**WORK INSTRUCTIONS**
The required result is the number of lines below that hold the word "where", stated without anything else.

**Stored data**

(* Let $(\sigma_1,\dots,\sigma_n)$ and $(\sigma'_1,\dots,\sigma'_n)$ be nonnegative vectors and $\mu_1,\dots,\mu_n\in\mathbb R$. Let $X_1,\dots,X_n$ be independent with $X_i\sim\mathcal N(\mu_i,\sigma_i^2)$ and $Y_1,\dots,Y_n$ be independent with $Y_i\sim\mathcal N(\mu_i,\sigma_i'^2)$. Then $$\Bigl|\mathbb{E}\max_{i\in[n]}X_i-\mathbb{E}\max_{i\in[n]}Y_i\Bigr|\le C\sum_{i\in[n]}|\sigma_i-\sigma_i'|$$ for an absolute constant $C$. *)

theory Defs
  imports "HOL-Probability.Probability"
begin

definition gaussian :: "real \<Rightarrow> real \<Rightarrow> real measure" where
  "gaussian \<mu> \<sigma> =
     (if \<sigma> = 0 then return borel \<mu> else density lborel (normal_density \<mu> \<sigma>))"

end

theory Submission
  imports Defs
begin

text \<open>Realise both Gaussian vectors on one probability space as \<open>\<mu>\<^sub>i + \<sigma>\<^sub>i Z\<^sub>i\<close> and
  \<open>\<mu>\<^sub>i + \<sigma>'\<^sub>i Z\<^sub>i\<close> with \<open>Z\<close> a standard Gaussian vector; this is legitimate because, for
  independent coordinates, the expected maximum depends only on the marginal laws.
  Since \<open>|max a - max b| \<le> \<Sum>\<^sub>i |a\<^sub>i - b\<^sub>i|\<close>, the two expected maxima differ by at most
  \<open>\<Sum>\<^sub>i |\<sigma>\<^sub>i - \<sigma>'\<^sub>i| E|Z\<^sub>i| = sqrt (2/\<pi>) \<Sum>\<^sub>i |\<sigma>\<^sub>i - \<sigma>'\<^sub>i|\<close>, so \<open>C = sqrt (2/\<pi>)\<close> works.\<close>

lemma Max_image_diff_le_sum_abs_diff:
  fixes a b :: "'i \<Rightarrow> 'a::linordered_idom"
  assumes "finite I" "I \<noteq> {}"
  shows "\<bar>Max (a ` I) - Max (b ` I)\<bar> \<le> (\<Sum>i\<in>I. \<bar>a i - b i\<bar>)"
proof -
  have "Max (f ` I) - Max (g ` I) \<le> (\<Sum>i\<in>I. \<bar>f i - g i\<bar>)" for f g :: "'i \<Rightarrow> 'a"
  proof -
    have "Max (f ` I) \<in> f ` I"
      using assms by simp
    then obtain j where j: "j \<in> I" "Max (f ` I) = f j"
      by auto
    have "g j \<le> Max (g ` I)" using assms j by simp
    moreover have "\<bar>f j - g j\<bar> \<le> (\<Sum>i\<in>I. \<bar>f i - g i\<bar>)"
      using assms j by (intro member_le_sum) auto
    ultimately show ?thesis using j by linarith
  qed
  from this[of a b] this[of b a] show ?thesis
    by (simp add: abs_minus_commute)
qed

lemma indep_vars_PiM_components:
  assumes "I \<noteq> {}" and M: "\<And>i. i \<in> I \<Longrightarrow> prob_space (M i)"
  shows "prob_space.indep_vars (PiM I M) M (\<lambda>i \<omega>. \<omega> i) I"
proof -
  interpret prob_space "PiM I M" by (rule prob_space_PiM) (rule M)
  have "distr (PiM I M) (PiM I M) (\<lambda>\<omega>. \<lambda>i\<in>I. \<omega> i) = distr (PiM I M) (PiM I M) (\<lambda>\<omega>. \<omega>)"
    by (intro distr_cong) (auto simp: space_PiM)
  also have "\<dots> = PiM I (\<lambda>i. distr (PiM I M) (M i) (\<lambda>\<omega>. \<omega> i))"
    by (auto intro!: PiM_cong simp: distr_PiM_component M)
  finally show ?thesis
    by (subst indep_vars_iff_distr_eq_PiM'[OF assms(1)]) auto
qed

lemma (in prob_space) integral_indep_vars_PiM:
  fixes f :: "('i \<Rightarrow> 'b) \<Rightarrow> 'c::{banach, second_countable_topology}"
  assumes "indep_vars M' X I" "I \<noteq> {}" "f \<in> borel_measurable (PiM I M')"
  shows "(\<integral>\<omega>. f (\<lambda>i\<in>I. X i \<omega>) \<partial>M) = (\<integral>x. f x \<partial>PiM I (\<lambda>i. distr M (M' i) (X i)))"
proof -
  have rv: "\<And>i. i \<in> I \<Longrightarrow> random_variable (M' i) (X i)"
    using assms(1) by (auto simp: indep_vars_def)
  then have "PiM I (\<lambda>i. distr M (M' i) (X i)) = distr M (PiM I M') (\<lambda>\<omega>. \<lambda>i\<in>I. X i \<omega>)"
    using indep_vars_iff_distr_eq_PiM'[OF assms(2) rv] assms(1) by simp
  then show ?thesis
    using assms(3) rv by (simp add: integral_distr measurable_restrict)
qed

lemma
  fixes g :: "'a \<Rightarrow> 'b::{banach, second_countable_topology}"
  assumes "\<And>i. i \<in> I \<Longrightarrow> prob_space (M i)" "i \<in> I" "g \<in> borel_measurable (M i)"
  shows integrable_PiM_component_iff: "integrable (PiM I M) (\<lambda>z. g (z i)) \<longleftrightarrow> integrable (M i) g"
    and integral_PiM_component: "(\<integral>z. g (z i) \<partial>PiM I M) = (\<integral>x. g x \<partial>M i)"
proof -
  have [measurable]: "(\<lambda>z. z i) \<in> measurable (PiM I M) (M i)"
    using assms(2) by measurable
  show "integrable (PiM I M) (\<lambda>z. g (z i)) \<longleftrightarrow> integrable (M i) g"
    using integrable_distr_eq[of "\<lambda>z. z i" "PiM I M" "M i" g] assms by (simp add: distr_PiM_component)
  show "(\<integral>z. g (z i) \<partial>PiM I M) = (\<integral>x. g x \<partial>M i)"
    using integral_distr[of "\<lambda>z. z i" "PiM I M" "M i" g] assms by (simp add: distr_PiM_component)
qed

lemma sets_gaussian [measurable_cong, simp]: "sets (gaussian \<mu> \<sigma>) = sets borel"
  by (simp add: gaussian_def)

lemma prob_space_gaussian: "0 \<le> \<sigma> \<Longrightarrow> prob_space (gaussian \<mu> \<sigma>)"
  by (simp add: gaussian_def prob_space_return prob_space_normal_density)

lemma distr_std_gaussian_affine:
  assumes "0 \<le> \<sigma>"
  shows "distr (gaussian 0 1) borel (\<lambda>x. \<mu> + \<sigma> * x) = gaussian \<mu> \<sigma>"
proof (cases "\<sigma> = 0")
  case True
  have "distr (gaussian 0 1) borel (\<lambda>x. \<mu>) = return borel \<mu>"
    by (simp add: prob_space.distr_const prob_space_gaussian)
  with True show ?thesis
    by (simp add: gaussian_def)
next
  case False
  with assms have "\<sigma> > 0" by simp
  have "distributed (gaussian 0 1) lborel (\<lambda>x. x) std_normal_density"
    by (auto simp: distributed_def gaussian_def distr_id2)
  from prob_space.normal_density_affine[OF prob_space_gaussian this _ \<open>\<sigma> \<noteq> 0\<close>, of \<mu>]
  have "distr (gaussian 0 1) lborel (\<lambda>x. \<mu> + \<sigma> * x) = density lborel (normal_density \<mu> \<sigma>)"
    using \<open>\<sigma> > 0\<close> by (simp add: distributed_def)
  then show ?thesis
    using \<open>\<sigma> > 0\<close> by (simp add: gaussian_def distr_cong[OF refl sets_lborel[symmetric]])
qed

lemma
  shows integrable_abs_std_gaussian: "integrable (gaussian 0 1) abs"
    and integral_abs_std_gaussian: "(\<integral>x. \<bar>x\<bar> \<partial>gaussian 0 1) = sqrt (2 / pi)"
proof -
  show "integrable (gaussian 0 1) abs"
    using integrable_std_normal_moment_abs[of 1] by (simp add: gaussian_def integrable_density)
  have "(\<integral>x. \<bar>x\<bar> \<partial>gaussian 0 1) = (\<integral>x. std_normal_density x * \<bar>x\<bar> ^ (2 * 0 + 1) \<partial>lborel)"
    by (simp add: gaussian_def integral_density)
  then show "(\<integral>x. \<bar>x\<bar> \<partial>gaussian 0 1) = sqrt (2 / pi)"
    by (simp only: integral_std_normal_moment_abs_odd) simp
qed

lemma integral_Max_indep_gaussian:
  fixes X :: "'i \<Rightarrow> 'a \<Rightarrow> real"
  assumes "prob_space M" "prob_space.indep_vars M (\<lambda>_. borel) X I" "finite I" "I \<noteq> {}"
    and \<sigma>: "\<And>i. i \<in> I \<Longrightarrow> 0 \<le> \<sigma> i"
    and X: "\<And>i. i \<in> I \<Longrightarrow> distr M borel (X i) = gaussian (\<mu> i) (\<sigma> i)"
  shows "(\<integral>\<omega>. Max ((\<lambda>i. X i \<omega>) ` I) \<partial>M) =
         (\<integral>z. Max ((\<lambda>i. \<mu> i + \<sigma> i * z i) ` I) \<partial>PiM I (\<lambda>_. gaussian 0 1))"
proof -
  let ?G = "PiM I (\<lambda>_. gaussian 0 1)"
  let ?Z = "\<lambda>i z. \<mu> i + \<sigma> i * z i"
  interpret G: prob_space ?G
    by (intro prob_space_PiM prob_space_gaussian) simp
  have "G.indep_vars (\<lambda>_. gaussian 0 1) (\<lambda>i z. z i) I"
    using indep_vars_PiM_components[OF \<open>I \<noteq> {}\<close>, of "\<lambda>_. gaussian 0 1"]
    by (simp add: prob_space_gaussian)
  then have Z_indep: "G.indep_vars (\<lambda>_. borel) ?Z I"
    by (rule G.indep_vars_compose2) simp
  have Z_distr: "distr ?G borel (?Z i) = gaussian (\<mu> i) (\<sigma> i)" if "i \<in> I" for i
  proof -
    have [measurable]: "(\<lambda>z. z i) \<in> measurable ?G (gaussian 0 1)"
      using that by measurable
    have "distr ?G borel (?Z i) = distr (distr ?G (gaussian 0 1) (\<lambda>z. z i)) borel (\<lambda>x. \<mu> i + \<sigma> i * x)"
      by (subst distr_distr) (auto simp: comp_def)
    also have "\<dots> = gaussian (\<mu> i) (\<sigma> i)"
      using distr_PiM_component[of I "\<lambda>_. gaussian 0 1" i] distr_std_gaussian_affine[OF \<sigma>] that
      by (simp add: prob_space_gaussian)
    finally show ?thesis .
  qed
  have Max_meas: "(\<lambda>x. Max (x ` I)) \<in> borel_measurable (PiM I (\<lambda>_. borel :: real measure))"
    using \<open>finite I\<close> by measurable
  have "(\<integral>\<omega>. Max ((\<lambda>i. X i \<omega>) ` I) \<partial>M) = (\<integral>x. Max (x ` I) \<partial>PiM I (\<lambda>i. gaussian (\<mu> i) (\<sigma> i)))"
    using prob_space.integral_indep_vars_PiM[OF assms(1,2,4) Max_meas]
    by (simp add: X cong: PiM_cong)
  also have "\<dots> = (\<integral>z. Max ((\<lambda>i. ?Z i z) ` I) \<partial>?G)"
    using G.integral_indep_vars_PiM[OF Z_indep \<open>I \<noteq> {}\<close> Max_meas]
    by (simp add: Z_distr cong: PiM_cong)
  finally show ?thesis .
qed

lemma
  assumes "i \<in> I"
  shows integrable_abs_component_std_gaussian: "integrable (PiM I (\<lambda>_. gaussian 0 1)) (\<lambda>z. \<bar>z i\<bar>)"
    and integral_abs_component_std_gaussian: "(\<integral>z. \<bar>z i\<bar> \<partial>PiM I (\<lambda>_. gaussian 0 1)) = sqrt (2 / pi)"
  using integrable_PiM_component_iff[of I "\<lambda>_. gaussian 0 1" i abs]
    integral_PiM_component[of I "\<lambda>_. gaussian 0 1" i abs] assms
  by (simp_all add: prob_space_gaussian integrable_abs_std_gaussian integral_abs_std_gaussian)

lemma integrable_Max_affine_std_gaussian:
  assumes "finite I" "I \<noteq> {}"
  shows "integrable (PiM I (\<lambda>_. gaussian 0 1)) (\<lambda>z. Max ((\<lambda>i. \<mu> i + \<sigma> i * z i) ` I))"
proof (rule Bochner_Integration.integrable_bound)
  let ?G = "PiM I (\<lambda>_. gaussian 0 1)"
  interpret G: prob_space ?G
    by (intro prob_space_PiM prob_space_gaussian) simp
  show "integrable ?G (\<lambda>z. \<bar>Max (\<mu> ` I)\<bar> + (\<Sum>i\<in>I. \<bar>\<sigma> i\<bar> * \<bar>z i\<bar>))"
    by (intro Bochner_Integration.integrable_add Bochner_Integration.integrable_sum
        integrable_mult_right integrable_abs_component_std_gaussian) auto
  show "(\<lambda>z. Max ((\<lambda>i. \<mu> i + \<sigma> i * z i) ` I)) \<in> borel_measurable ?G"
    using assms(1) by measurable
  show "AE z in ?G. norm (Max ((\<lambda>i. \<mu> i + \<sigma> i * z i) ` I))
                    \<le> norm (\<bar>Max (\<mu> ` I)\<bar> + (\<Sum>i\<in>I. \<bar>\<sigma> i\<bar> * \<bar>z i\<bar>))"
  proof (rule AE_I2)
    fix z :: "'a \<Rightarrow> real"
    have "\<bar>Max ((\<lambda>i. \<mu> i + \<sigma> i * z i) ` I) - Max (\<mu> ` I)\<bar> \<le> (\<Sum>i\<in>I. \<bar>\<sigma> i\<bar> * \<bar>z i\<bar>)"
      using Max_image_diff_le_sum_abs_diff[OF assms, of "\<lambda>i. \<mu> i + \<sigma> i * z i" \<mu>]
      by (simp add: abs_mult)
    then show "norm (Max ((\<lambda>i. \<mu> i + \<sigma> i * z i) ` I))
               \<le> norm (\<bar>Max (\<mu> ` I)\<bar> + (\<Sum>i\<in>I. \<bar>\<sigma> i\<bar> * \<bar>z i\<bar>))"
      by simp
  qed
qed

lemma integral_Max_affine_std_gaussian_diff_le:
  assumes "finite I" "I \<noteq> {}"
  shows "\<bar>(\<integral>z. Max ((\<lambda>i. \<mu> i + \<sigma> i * z i) ` I) \<partial>PiM I (\<lambda>_. gaussian 0 1)) -
          (\<integral>z. Max ((\<lambda>i. \<mu> i + \<sigma>' i * z i) ` I) \<partial>PiM I (\<lambda>_. gaussian 0 1))\<bar>
         \<le> sqrt (2 / pi) * (\<Sum>i\<in>I. \<bar>\<sigma> i - \<sigma>' i\<bar>)"
proof -
  let ?G = "PiM I (\<lambda>_. gaussian 0 1)"
  let ?A = "\<lambda>z. Max ((\<lambda>i. \<mu> i + \<sigma> i * z i) ` I)"
  let ?B = "\<lambda>z. Max ((\<lambda>i. \<mu> i + \<sigma>' i * z i) ` I)"
  have A: "integrable ?G ?A" and B: "integrable ?G ?B"
    using assms by (rule integrable_Max_affine_std_gaussian)+
  have bound: "integrable ?G (\<lambda>z. \<Sum>i\<in>I. \<bar>\<sigma> i - \<sigma>' i\<bar> * \<bar>z i\<bar>)"
    by (intro Bochner_Integration.integrable_sum integrable_mult_right integrable_abs_component_std_gaussian)
  have "\<bar>integral\<^sup>L ?G ?A - integral\<^sup>L ?G ?B\<bar> = \<bar>\<integral>z. ?A z - ?B z \<partial>?G\<bar>"
    using A B by simp
  also have "\<dots> \<le> (\<integral>z. \<bar>?A z - ?B z\<bar> \<partial>?G)"
    using integral_norm_bound[of ?G "\<lambda>z. ?A z - ?B z"] by simp
  also have "\<dots> \<le> (\<integral>z. (\<Sum>i\<in>I. \<bar>\<sigma> i - \<sigma>' i\<bar> * \<bar>z i\<bar>) \<partial>?G)"
  proof (rule integral_mono[OF _ bound])
    show "integrable ?G (\<lambda>z. \<bar>?A z - ?B z\<bar>)"
      using A B by simp
    show "\<bar>?A z - ?B z\<bar> \<le> (\<Sum>i\<in>I. \<bar>\<sigma> i - \<sigma>' i\<bar> * \<bar>z i\<bar>)" for z
      using Max_image_diff_le_sum_abs_diff[OF assms, of "\<lambda>i. \<mu> i + \<sigma> i * z i" "\<lambda>i. \<mu> i + \<sigma>' i * z i"]
      by (simp add: abs_mult[symmetric] left_diff_distrib)
  qed
  also have "\<dots> = sqrt (2 / pi) * (\<Sum>i\<in>I. \<bar>\<sigma> i - \<sigma>' i\<bar>)"
    by (simp add: Bochner_Integration.integral_sum integrable_abs_component_std_gaussian
        integral_abs_component_std_gaussian sum_distrib_left mult.commute)
  finally show ?thesis .
qed

theorem lemma2:
  shows "\<exists>C::real. \<forall>(n::nat) (\<mu>::nat \<Rightarrow> real) (\<sigma>::nat \<Rightarrow> real) (\<sigma>'::nat \<Rightarrow> real)
            (M::'a measure) (X::nat \<Rightarrow> 'a \<Rightarrow> real) (N::'b measure) (Y::nat \<Rightarrow> 'b \<Rightarrow> real).
     n \<ge> 1 \<and> (\<forall>i<n. 0 \<le> \<sigma> i \<and> 0 \<le> \<sigma>' i) \<and>
     prob_space M \<and> prob_space.indep_vars M (\<lambda>_. borel) X {..<n} \<and>
     (\<forall>i<n. distr M borel (X i) = gaussian (\<mu> i) (\<sigma> i)) \<and>
     prob_space N \<and> prob_space.indep_vars N (\<lambda>_. borel) Y {..<n} \<and>
     (\<forall>i<n. distr N borel (Y i) = gaussian (\<mu> i) (\<sigma>' i))
     \<longrightarrow> \<bar>(\<integral>\<omega>. Max ((\<lambda>i. X i \<omega>) ` {..<n}) \<partial>M) - (\<integral>\<omega>. Max ((\<lambda>i. Y i \<omega>) ` {..<n}) \<partial>N)\<bar>
         \<le> C * (\<Sum>i<n. \<bar>\<sigma> i - \<sigma>' i\<bar>)"
proof (intro exI[of _ "sqrt (2 / pi)"] allI impI, elim conjE)
  fix n :: nat and \<mu> \<sigma> \<sigma>' :: "nat \<Rightarrow> real"
    and M :: "'a measure" and X :: "nat \<Rightarrow> 'a \<Rightarrow> real" and N :: "'b measure" and Y :: "nat \<Rightarrow> 'b \<Rightarrow> real"
  assume "n \<ge> 1" and \<sigma>: "\<forall>i<n. 0 \<le> \<sigma> i \<and> 0 \<le> \<sigma>' i"
    and X: "prob_space M" "prob_space.indep_vars M (\<lambda>_. borel) X {..<n}"
      "\<forall>i<n. distr M borel (X i) = gaussian (\<mu> i) (\<sigma> i)"
    and Y: "prob_space N" "prob_space.indep_vars N (\<lambda>_. borel) Y {..<n}"
      "\<forall>i<n. distr N borel (Y i) = gaussian (\<mu> i) (\<sigma>' i)"
  have I: "finite {..<n}" "{..<n} \<noteq> {}"
    using \<open>n \<ge> 1\<close> by (auto simp: lessThan_empty_iff)
  show "\<bar>(\<integral>\<omega>. Max ((\<lambda>i. X i \<omega>) ` {..<n}) \<partial>M) - (\<integral>\<omega>. Max ((\<lambda>i. Y i \<omega>) ` {..<n}) \<partial>N)\<bar>
        \<le> sqrt (2 / pi) * (\<Sum>i<n. \<bar>\<sigma> i - \<sigma>' i\<bar>)"
    using integral_Max_indep_gaussian[OF X(1,2) I, of \<sigma> \<mu>]
      integral_Max_indep_gaussian[OF Y(1,2) I, of \<sigma>' \<mu>]
      integral_Max_affine_std_gaussian_diff_le[OF I, of \<mu> \<sigma> \<sigma>'] \<sigma> X(3) Y(3)
    by simp
qed

end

**RESPONSE TO THIS EXERCISE**
2